Володя взглянул; Бурст был прав. Одна из указанных техником подружек, большая, статная женщина в франтоватой драповой кофте смотрела на Володю знакомыми глазами и, встретясь с его взглядом, слегка поклонилась. Молодой человек с недоумением притронулся к своей мохнатой плюшевой шляпе, молодое искрасна-смуглое лицо в платочке показалось было ему совсем не знакомым,-- но тотчас же он и рассмеялся:
-- Боже мой! ведь это наша Агаша!
-- Не признали, барин? -- сказала та сильным и слегка носовым альтом, выдвигаясь из группы шага на два, очевидно, тоже с желанием удостоиться господского рукопожатия.
Но Володя только улыбнулся благосклонно, словно наблюдал некий приятный курьез -- организм интересный, но бесконечно низший, и к которому снисходить с высоты он не намерен.
Колокол карусели звонил оглушительно, инда лязгало в ушах.
-- Ух! -- кричал Тихон,-- сидя верхом на черте в крокодильей чешуе,-- сейчас пущают! едем в город Тамбухту, который с Ливингстоном в центре Африки! Агафья Михайловна! Прошу составить компанию! Бегемотий демон -- к вашим услугам! Варя! Седлай соседнего осетра! Звони громчее!.. Поехали!
Девушки быстро закружились на чертях с визгом, хохотом, притворным испугом. Бурст с разбега вскочил на какого-то тритона, сделал на нем три круга и, не ожидая, пока карусель остановится, ловко соскочил.
-- Баста! Голова кружится... кровищи у меня, быка, чересчур много становится! В апоплексическую фигуру превращаюсь.
Володя опять посмотрел на него не без иронии повторил:
-- Пересаливаете, ангелы мои, жестоко пересаливаете...
Бурст нахмурился.
-- Что делать? Каковы есть!
Володя поддразнил его:
-- А как же народная-то мудрость говорит, что недосол на столе, а пересол в избе?
Бурст ответил быстро и двусмысленно:
-- Да, видишь ты, недосоленное-то уж очень скоро протухает... А читал небось: "Если соль рассолится",-- и прочее?
Володя осекся и закусил губу. Он открыл было рот, чтобы ответить Бурсту сильно и резко, но в это время Борис, не глядя, схватил его за локоть.
-- Что ты? -- удивился он.
Борис выпустил его руку.
-- Ах, извини! Я не тебя хотел,-- Бурста... Федос!..
Между ними произошел быстрый, как молния, немой разговор глазами.
-- Гм? -- промычал Федос и как-то напрягся, словно вытянул ухо -- к столбу ближней палатки с пряниками, к которому, прислонясь, высокий бледный, чахоточного вида мастеровой в измызганной старой "шведке", как у Бурста, горячо толковал что-то трем другим, слушавшим с глубоким и острым вниманием. У одного была гармоника, которую он, держа за клавиатуру, опустил вниз на аккорд, и теперь она медленно распускалась, протяжно мыча, как обиженное животное, гнусаво и длинно-длинно...
-- Опосля того моего отказа,-- пылко восклицал чахоточный,-- присылает он ко мне нарядчика, чтобы я, значит, покорился...
-- Какую власть нашел! -- ухмыльнулся мастеровой с гармоникой; она раздирающе мяукнула из последних сил и смолкла.

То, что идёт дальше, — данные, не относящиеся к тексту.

(* Let $\mu$ be a Borel probability measure on $\mathbb{R}$ with compact support such that ${\rm supp}(\mu)$ has a finite number $n$ of connected components. Then for every $\varepsilon>0$ there exist real-valued $x,y\in L^\infty(0,1)$ (with respect to Lebesgue measure on $(0,1)$) such that: (1) $\|x-y\|_\infty<\varepsilon$; (2) the distribution of $x$ is $\mu$; (3) the distribution $\nu$ of $y$ is supported on a union of $n$ pairwise disjoint intervals $[a_j,b_j]$, $j=1,\dots,n$, $\nu$ is absolutely continuous, and its density $\rho$ satisfies \[c_j\sqrt{(t-a_j)(b_j-t)}\le\rho(t)\le C_j\sqrt{(t-a_j)(b_j-t)},\quad t\in[a_j,b_j],\] for some constants $c_j,C_j>0$.
   Context: The distribution of a measurable function $f$ on $(0,1)$ is the pushforward of Lebesgue measure on $(0,1)$ under $f$. *)

theory Defs
  imports "HOL-Probability.Probability"
begin

definition measure_support :: "'a::topological_space measure \<Rightarrow> 'a set" where
  "measure_support M = {t. \<forall>U. open U \<longrightarrow> t \<in> U \<longrightarrow> emeasure M U > 0}"

definition Linfty01 :: "(real \<Rightarrow> real) set" where
  "Linfty01 = {f. f \<in> borel_measurable (lebesgue_on {0<..<1}) \<and>
                  (\<exists>B. AE t in lebesgue_on {0<..<1}. \<bar>f t\<bar> \<le> B)}"

end

theory Submission
  imports Defs
begin

text \<open>Couple mu and nu to Lebesgue measure on (0,1) through their quantile functions: if the
  distribution functions are e-close in the sense of the Levy metric, then the quantile functions
  are uniformly e-close on (0,1). So it suffices to find nu with the required density that is
  Levy-close to mu. The support of mu consists of finitely many disjoint compact intervals
  [alpha, beta] (possibly points) with positive gaps between them. Cover each of them by a grid of
  small mesh h on a slightly larger interval [a, b] and give each cell its mu-mass, spread
  proportionally to sqrt((t - a)(b - t)). Every cell has positive mass, so the density is comparable
  to sqrt((t - a)(b - t)); and the distribution function agrees with that of mu at the grid points,
  so the two are Levy-close at scale h.\<close>

section \<open>Support of a Borel measure\<close>

lemma closed_measure_support: "closed (measure_support M)"
proof -
  have "- measure_support M = \<Union>{U. open U \<and> emeasure M U = 0}"
    by (auto simp: measure_support_def)
  then show ?thesis
    by (metis (mono_tags) closed_def mem_Collect_eq open_Union)
qed

lemma emeasure_compl_measure_support:
  fixes M :: "'a::second_countable_topology measure"
  assumes sets_M: "sets M = sets borel"
  shows "emeasure M (- measure_support M) = 0"
proof -
  let ?F = "{U. open U \<and> emeasure M U = 0}"
  obtain F where F: "F \<subseteq> ?F" "countable F" "\<Union>F = \<Union>?F"
    using Lindelof[of ?F] by auto
  have "- measure_support M = (\<Union>U\<in>F. U)"
    using F(3) by (auto simp: measure_support_def)
  also have "\<dots> \<in> null_sets M"
    using F(1,2) sets_M by (intro null_sets_UN') (auto simp: null_sets_def)
  finally show ?thesis by auto
qed

lemma emeasure_Int_measure_support:
  fixes M :: "'a::second_countable_topology measure"
  assumes "sets M = sets borel" "A \<in> sets M"
  shows "emeasure M (A \<inter> measure_support M) = emeasure M A"
proof -
  have null: "- measure_support M \<in> null_sets M"
    using emeasure_compl_measure_support[OF assms(1)] closed_measure_support[of M]
    by (simp add: null_sets_def assms(1) closed_def borel_open)
  have "A \<inter> measure_support M = A - (- measure_support M)"
    by auto
  then show ?thesis
    using emeasure_Diff_null_set[OF null assms(2)] by simp
qed

lemma emeasure_disjoint_measure_support:
  fixes M :: "'a::second_countable_topology measure"
  assumes "sets M = sets borel" "A \<in> sets M" "A \<inter> measure_support M = {}"
  shows "emeasure M A = 0"
  using emeasure_Int_measure_support[OF assms(1,2)] assms(3) by simp

lemma component_compact_real_eq_interval:
  fixes S :: "real set"
  assumes "compact S" "C \<in> components S"
  obtains \<alpha> \<beta> where "\<alpha> \<le> \<beta>" "C = {\<alpha>..\<beta>}"
proof -
  have "connected C" "compact C"
    using assms in_components_connected compact_components by auto
  then obtain \<alpha> \<beta> where "C = {\<alpha>..\<beta>}"
    using connected_compact_interval_1 by blast
  moreover have "C \<noteq> {}"
    using assms(2) in_components_nonempty by auto
  ultimately show ?thesis
    using that by auto
qed

lemma components_separated:
  fixes S :: "'a::heine_borel set"
  assumes "compact S" "finite (components S)"
  obtains d where "0 < d"
    "\<And>C D x y. C \<in> components S \<Longrightarrow> D \<in> components S \<Longrightarrow> C \<noteq> D \<Longrightarrow> x \<in> C \<Longrightarrow> y \<in> D
      \<Longrightarrow> d \<le> dist x y"
proof -
  have "\<exists>d>0. \<forall>x\<in>C. \<forall>y\<in>\<Union>(components S - {C}). d \<le> dist x y" if C: "C \<in> components S" for C
  proof (rule separate_compact_closed)
    show "compact C"
      using assms(1) C compact_components by blast
    show "closed (\<Union>(components S - {C}))"
      using assms compact_imp_closed closed_components by blast
    show "C \<inter> \<Union>(components S - {C}) = {}"
      using C components_nonoverlap by blast
  qed
  then obtain f where f: "\<And>C. C \<in> components S \<Longrightarrow>
      0 < f C \<and> (\<forall>x\<in>C. \<forall>y\<in>\<Union>(components S - {C}). f C \<le> dist x y)"
    by metis
  show ?thesis
  proof (rule that)
    show "0 < Min (insert 1 (f ` components S))"
      using assms(2) f by simp
    fix C D x y
    assume "C \<in> components S" "D \<in> components S" "C \<noteq> D" "x \<in> C" "y \<in> D"
    then have "Min (insert 1 (f ` components S)) \<le> f C" "f C \<le> dist x y"
      using assms(2) f by auto
    then show "Min (insert 1 (f ` components S)) \<le> dist x y"
      by linarith
  qed
qed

-- Пужают дермом...-- сердито поддакнули другие.
Рассказчик продолжал:
-- Потом я встречаю самого Ивана Парфенова в Лафертове у Туркина в низке. Подошел. Не рукается, толстый дьявол, только носом мотнул. Я рекомендую ему со всею почтительностью, что не присылайте, мол, Иван Парфенович, что мне нарядчиков ваших пужать меня: не больно я пужлив, не поломал бы, между прочим, кому-нибудь кости... "Ах,-- говорит,-- извините! -- с издевкою все, понимаешь?-- извините, почтенный ремесленник, что осмелился послать к вам моего нарядчика! Конечно, по вашему высокому чину, надлежало мне адрицовать к вашей милости турецкого султана или египетского фараона. Но как оные фараоны все потонули в Чермном море, а турецкий салтан теперича в отлучке..."
-- Ишь, шельма, какие насмешки загинает! -- отозвался человек с гармоникою.
-- Толстое пузо! Изымается над рабочею душою! -- тонким дискантом протянул другой.
Третий, мрачный, безбородый, со шрамом на щеке, молча плюнул.
Чахоточный обвел их значительным угрожающим взглядом.
-- Но я ему сказал: "Вы это свое пустословие оставьте! Как вы есть образованный человек, то должны понимать, что я работу сполнил и остаюсь пред вами во всем моем праве. А ежели который человек в своем твердом сознании и праве, то, хотя бы вы и впрямь турецкого салтана прислали, я оного салтана весьма просто с лестницы в шею -- и больше ничего..."
-- Вы что это, ваша светлость? В народ пошли? -- окликнул Володю дребезжащий голос, и на плечо его сзади легла костлявая, мефистофельская лапа Квятковского.-- Здравствуйте. Материалы, что ли, для поэмы собираете? а?.. Я сейчас катаньем любовался. Видел ваших. Очень хорошие оба выезда у Каролеевых. Особенно караковые -- восторг! У меня когда-то были подобные. Целых три недели, даю честное слою! Я тогда батькин капитал дотряхивал, и вдруг -- представьте, в купеческом клубе -- нечто вроде волшебства "Пиковой дамы": сыграл на тройку, семерку, туза. Шестьдесят тысяч снял. Чистенькими! Ну, конечно, сейчас же купил караковых и отбил Леонтинку у Гарусова... Квартиру ей нанял на Тверской, четыре тысячи в год. Но не успела, шельма, переехать, потому что, неделю спустя, сыграл я обратно на туза, семерку, тройку,-- весь выигрыш назад отдал и еще своих последних пятнадцать приплатил... О-о-хо-хо! Была игра, сударь мой, была игра! Н-да-с!.. Так видел ваших и удивлялся, что вас нет с ними. Сама вдовствующая герцогиня налицо, принцессы -- также, светлейший супруг старшей принцессы видит сны наяву и клюет носом в собственные колена, а наследный принц, оказывается, incognito изучает нравы плебса... К слову сказать, принцесса Евлалия хороша сегодня, как сорок тысяч валькирий! Скажите ей об этом, пожалуйста, от моего имени! "Скажите ей, скажите ей!" -- запел он, стараясь попасть в тон шарманки, которая играла, впрочем, совсем не "Скажите ей", но "Выхожу один я на дорогу".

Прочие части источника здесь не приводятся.